→ **What the exercise asks**
What is the number of lines in the records below holding the string "rounds"? Reply with it and nothing else.

____

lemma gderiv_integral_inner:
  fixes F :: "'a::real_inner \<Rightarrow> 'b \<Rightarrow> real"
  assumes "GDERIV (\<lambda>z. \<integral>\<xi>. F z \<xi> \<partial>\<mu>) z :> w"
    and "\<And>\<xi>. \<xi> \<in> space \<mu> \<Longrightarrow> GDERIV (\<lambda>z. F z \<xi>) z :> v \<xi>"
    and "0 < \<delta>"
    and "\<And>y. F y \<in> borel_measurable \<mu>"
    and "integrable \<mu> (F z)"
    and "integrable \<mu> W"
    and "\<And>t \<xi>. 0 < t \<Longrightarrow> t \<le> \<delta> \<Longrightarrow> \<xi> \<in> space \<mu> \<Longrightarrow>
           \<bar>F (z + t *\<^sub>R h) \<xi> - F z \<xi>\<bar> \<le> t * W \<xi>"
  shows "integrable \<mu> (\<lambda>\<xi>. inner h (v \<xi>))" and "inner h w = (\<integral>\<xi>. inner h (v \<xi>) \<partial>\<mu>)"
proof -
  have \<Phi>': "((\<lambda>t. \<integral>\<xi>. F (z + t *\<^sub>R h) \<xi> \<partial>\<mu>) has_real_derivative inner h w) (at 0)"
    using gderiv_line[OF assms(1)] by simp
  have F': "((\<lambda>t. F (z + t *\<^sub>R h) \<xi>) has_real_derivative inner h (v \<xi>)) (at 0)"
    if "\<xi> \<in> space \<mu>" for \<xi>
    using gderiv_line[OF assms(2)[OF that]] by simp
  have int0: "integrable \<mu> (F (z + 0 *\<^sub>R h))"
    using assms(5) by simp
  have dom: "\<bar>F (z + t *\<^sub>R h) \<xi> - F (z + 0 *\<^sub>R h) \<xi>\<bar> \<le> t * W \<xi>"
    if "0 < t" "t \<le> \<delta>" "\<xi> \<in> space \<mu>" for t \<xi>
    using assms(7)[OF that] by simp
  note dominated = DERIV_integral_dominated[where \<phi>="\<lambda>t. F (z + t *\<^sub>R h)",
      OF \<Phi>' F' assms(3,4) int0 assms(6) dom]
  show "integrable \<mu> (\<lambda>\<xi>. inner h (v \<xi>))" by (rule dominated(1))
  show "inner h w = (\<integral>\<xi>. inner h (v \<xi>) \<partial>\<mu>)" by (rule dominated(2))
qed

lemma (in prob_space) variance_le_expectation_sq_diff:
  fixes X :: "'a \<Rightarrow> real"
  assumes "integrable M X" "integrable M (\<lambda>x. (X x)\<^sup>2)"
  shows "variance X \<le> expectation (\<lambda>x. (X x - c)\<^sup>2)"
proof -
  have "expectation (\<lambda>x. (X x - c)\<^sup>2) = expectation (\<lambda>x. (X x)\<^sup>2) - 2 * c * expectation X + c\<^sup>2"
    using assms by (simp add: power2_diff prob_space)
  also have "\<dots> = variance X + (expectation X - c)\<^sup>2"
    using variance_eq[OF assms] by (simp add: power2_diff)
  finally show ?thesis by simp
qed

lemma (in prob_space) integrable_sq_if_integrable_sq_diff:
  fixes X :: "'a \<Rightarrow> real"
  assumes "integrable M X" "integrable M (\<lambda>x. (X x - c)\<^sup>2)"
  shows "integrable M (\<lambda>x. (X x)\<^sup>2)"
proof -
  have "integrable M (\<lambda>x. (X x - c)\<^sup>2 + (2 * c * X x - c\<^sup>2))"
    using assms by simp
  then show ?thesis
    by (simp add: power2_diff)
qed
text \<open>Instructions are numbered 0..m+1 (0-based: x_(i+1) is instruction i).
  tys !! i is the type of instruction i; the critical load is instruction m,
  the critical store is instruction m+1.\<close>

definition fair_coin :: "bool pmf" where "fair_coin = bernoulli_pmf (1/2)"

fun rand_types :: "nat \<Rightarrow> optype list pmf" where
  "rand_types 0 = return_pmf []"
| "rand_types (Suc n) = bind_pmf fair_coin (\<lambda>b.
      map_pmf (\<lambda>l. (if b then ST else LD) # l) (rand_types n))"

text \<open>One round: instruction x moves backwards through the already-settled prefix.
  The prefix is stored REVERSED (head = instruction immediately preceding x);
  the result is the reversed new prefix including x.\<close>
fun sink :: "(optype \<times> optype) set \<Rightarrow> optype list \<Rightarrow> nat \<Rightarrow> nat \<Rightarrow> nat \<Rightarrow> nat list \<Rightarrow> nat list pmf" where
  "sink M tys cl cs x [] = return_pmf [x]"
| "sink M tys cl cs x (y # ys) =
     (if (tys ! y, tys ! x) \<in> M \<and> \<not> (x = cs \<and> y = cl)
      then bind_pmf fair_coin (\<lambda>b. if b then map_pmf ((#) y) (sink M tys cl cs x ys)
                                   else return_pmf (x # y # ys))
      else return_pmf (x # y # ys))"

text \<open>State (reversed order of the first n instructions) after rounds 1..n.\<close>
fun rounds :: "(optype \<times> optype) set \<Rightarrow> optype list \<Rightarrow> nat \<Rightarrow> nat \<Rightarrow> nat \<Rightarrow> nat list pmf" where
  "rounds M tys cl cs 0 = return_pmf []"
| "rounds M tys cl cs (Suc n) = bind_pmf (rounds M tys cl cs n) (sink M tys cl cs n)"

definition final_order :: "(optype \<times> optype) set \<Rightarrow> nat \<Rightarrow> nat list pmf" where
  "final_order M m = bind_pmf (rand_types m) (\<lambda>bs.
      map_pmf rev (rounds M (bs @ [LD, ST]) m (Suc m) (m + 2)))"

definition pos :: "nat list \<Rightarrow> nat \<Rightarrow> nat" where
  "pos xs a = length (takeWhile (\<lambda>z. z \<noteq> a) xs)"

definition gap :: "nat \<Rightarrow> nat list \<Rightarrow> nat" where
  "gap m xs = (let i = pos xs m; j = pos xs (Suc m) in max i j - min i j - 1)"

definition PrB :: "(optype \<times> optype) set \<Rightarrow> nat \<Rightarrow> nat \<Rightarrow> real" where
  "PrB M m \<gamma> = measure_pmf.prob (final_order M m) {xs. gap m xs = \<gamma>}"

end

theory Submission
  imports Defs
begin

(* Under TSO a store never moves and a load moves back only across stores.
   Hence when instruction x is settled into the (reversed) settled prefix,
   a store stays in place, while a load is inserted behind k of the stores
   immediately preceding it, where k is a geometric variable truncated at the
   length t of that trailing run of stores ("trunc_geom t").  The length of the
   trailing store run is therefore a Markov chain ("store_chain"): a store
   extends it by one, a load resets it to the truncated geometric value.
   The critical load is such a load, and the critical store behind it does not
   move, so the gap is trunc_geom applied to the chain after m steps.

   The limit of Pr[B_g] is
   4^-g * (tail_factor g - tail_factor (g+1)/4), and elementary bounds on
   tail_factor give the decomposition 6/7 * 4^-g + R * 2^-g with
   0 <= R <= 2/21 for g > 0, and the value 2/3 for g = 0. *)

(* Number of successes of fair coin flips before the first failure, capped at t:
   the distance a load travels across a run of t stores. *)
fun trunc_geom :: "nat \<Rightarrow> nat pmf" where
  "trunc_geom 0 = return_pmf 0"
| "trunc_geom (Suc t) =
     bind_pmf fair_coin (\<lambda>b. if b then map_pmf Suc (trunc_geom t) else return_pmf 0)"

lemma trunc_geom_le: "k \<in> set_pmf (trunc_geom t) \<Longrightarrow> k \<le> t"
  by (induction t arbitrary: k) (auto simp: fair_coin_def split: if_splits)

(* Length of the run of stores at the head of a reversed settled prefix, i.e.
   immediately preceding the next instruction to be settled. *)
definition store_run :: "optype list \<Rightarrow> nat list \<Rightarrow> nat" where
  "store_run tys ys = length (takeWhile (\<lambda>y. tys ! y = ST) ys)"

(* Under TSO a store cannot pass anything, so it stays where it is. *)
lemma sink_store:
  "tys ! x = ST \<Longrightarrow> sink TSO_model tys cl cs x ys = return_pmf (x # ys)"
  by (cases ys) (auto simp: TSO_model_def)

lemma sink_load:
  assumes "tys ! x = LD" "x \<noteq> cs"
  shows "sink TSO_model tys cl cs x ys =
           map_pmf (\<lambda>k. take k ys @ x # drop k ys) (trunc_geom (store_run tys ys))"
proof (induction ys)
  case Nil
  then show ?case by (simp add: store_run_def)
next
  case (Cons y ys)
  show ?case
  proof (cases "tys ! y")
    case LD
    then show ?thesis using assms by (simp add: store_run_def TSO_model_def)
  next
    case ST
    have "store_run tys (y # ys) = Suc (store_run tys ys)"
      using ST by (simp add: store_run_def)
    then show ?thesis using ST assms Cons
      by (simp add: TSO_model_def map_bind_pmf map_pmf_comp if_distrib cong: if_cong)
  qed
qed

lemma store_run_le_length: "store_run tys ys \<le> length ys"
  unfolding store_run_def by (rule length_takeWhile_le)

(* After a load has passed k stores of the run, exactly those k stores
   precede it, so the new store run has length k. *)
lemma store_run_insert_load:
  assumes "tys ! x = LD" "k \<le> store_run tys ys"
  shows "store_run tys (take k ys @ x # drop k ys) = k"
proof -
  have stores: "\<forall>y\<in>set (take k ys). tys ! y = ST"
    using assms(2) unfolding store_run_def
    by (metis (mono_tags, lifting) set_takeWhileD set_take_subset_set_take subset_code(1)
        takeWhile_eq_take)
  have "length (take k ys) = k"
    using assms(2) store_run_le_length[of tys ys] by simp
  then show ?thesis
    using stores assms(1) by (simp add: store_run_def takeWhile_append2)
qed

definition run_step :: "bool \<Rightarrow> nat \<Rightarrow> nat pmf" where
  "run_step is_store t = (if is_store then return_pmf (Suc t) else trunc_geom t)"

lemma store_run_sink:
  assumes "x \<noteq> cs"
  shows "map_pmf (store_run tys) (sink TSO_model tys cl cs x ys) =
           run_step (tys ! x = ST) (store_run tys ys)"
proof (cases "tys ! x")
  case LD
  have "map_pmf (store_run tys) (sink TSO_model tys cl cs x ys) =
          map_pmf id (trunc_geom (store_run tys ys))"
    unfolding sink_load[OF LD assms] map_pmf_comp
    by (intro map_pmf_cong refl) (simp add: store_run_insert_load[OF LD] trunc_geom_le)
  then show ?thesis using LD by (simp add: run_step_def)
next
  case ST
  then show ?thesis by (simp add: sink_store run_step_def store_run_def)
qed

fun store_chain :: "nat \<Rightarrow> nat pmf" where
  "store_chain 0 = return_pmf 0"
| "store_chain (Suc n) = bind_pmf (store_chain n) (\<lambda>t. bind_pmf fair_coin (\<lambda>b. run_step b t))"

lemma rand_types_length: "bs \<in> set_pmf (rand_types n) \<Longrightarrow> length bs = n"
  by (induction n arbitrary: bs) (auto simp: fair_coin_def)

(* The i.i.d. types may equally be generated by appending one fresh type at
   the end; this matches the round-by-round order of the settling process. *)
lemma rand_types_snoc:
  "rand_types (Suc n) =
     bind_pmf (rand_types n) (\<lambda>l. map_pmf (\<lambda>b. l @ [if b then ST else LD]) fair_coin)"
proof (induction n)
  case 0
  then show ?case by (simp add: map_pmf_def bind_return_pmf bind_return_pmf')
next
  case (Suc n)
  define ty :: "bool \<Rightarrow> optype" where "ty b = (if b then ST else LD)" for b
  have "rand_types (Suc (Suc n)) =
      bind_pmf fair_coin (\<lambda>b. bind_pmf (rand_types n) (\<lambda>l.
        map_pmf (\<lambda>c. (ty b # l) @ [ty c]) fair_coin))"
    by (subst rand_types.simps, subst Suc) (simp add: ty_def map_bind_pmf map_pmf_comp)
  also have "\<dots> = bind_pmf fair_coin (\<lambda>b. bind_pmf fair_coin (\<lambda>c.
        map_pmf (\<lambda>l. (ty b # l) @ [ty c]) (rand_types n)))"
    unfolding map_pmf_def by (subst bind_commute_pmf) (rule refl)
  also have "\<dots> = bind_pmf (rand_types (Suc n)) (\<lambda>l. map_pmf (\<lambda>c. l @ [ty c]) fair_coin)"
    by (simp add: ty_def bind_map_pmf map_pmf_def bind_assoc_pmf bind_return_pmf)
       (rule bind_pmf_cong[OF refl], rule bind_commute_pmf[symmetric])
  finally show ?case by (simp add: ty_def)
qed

____

→ **Answer space**
5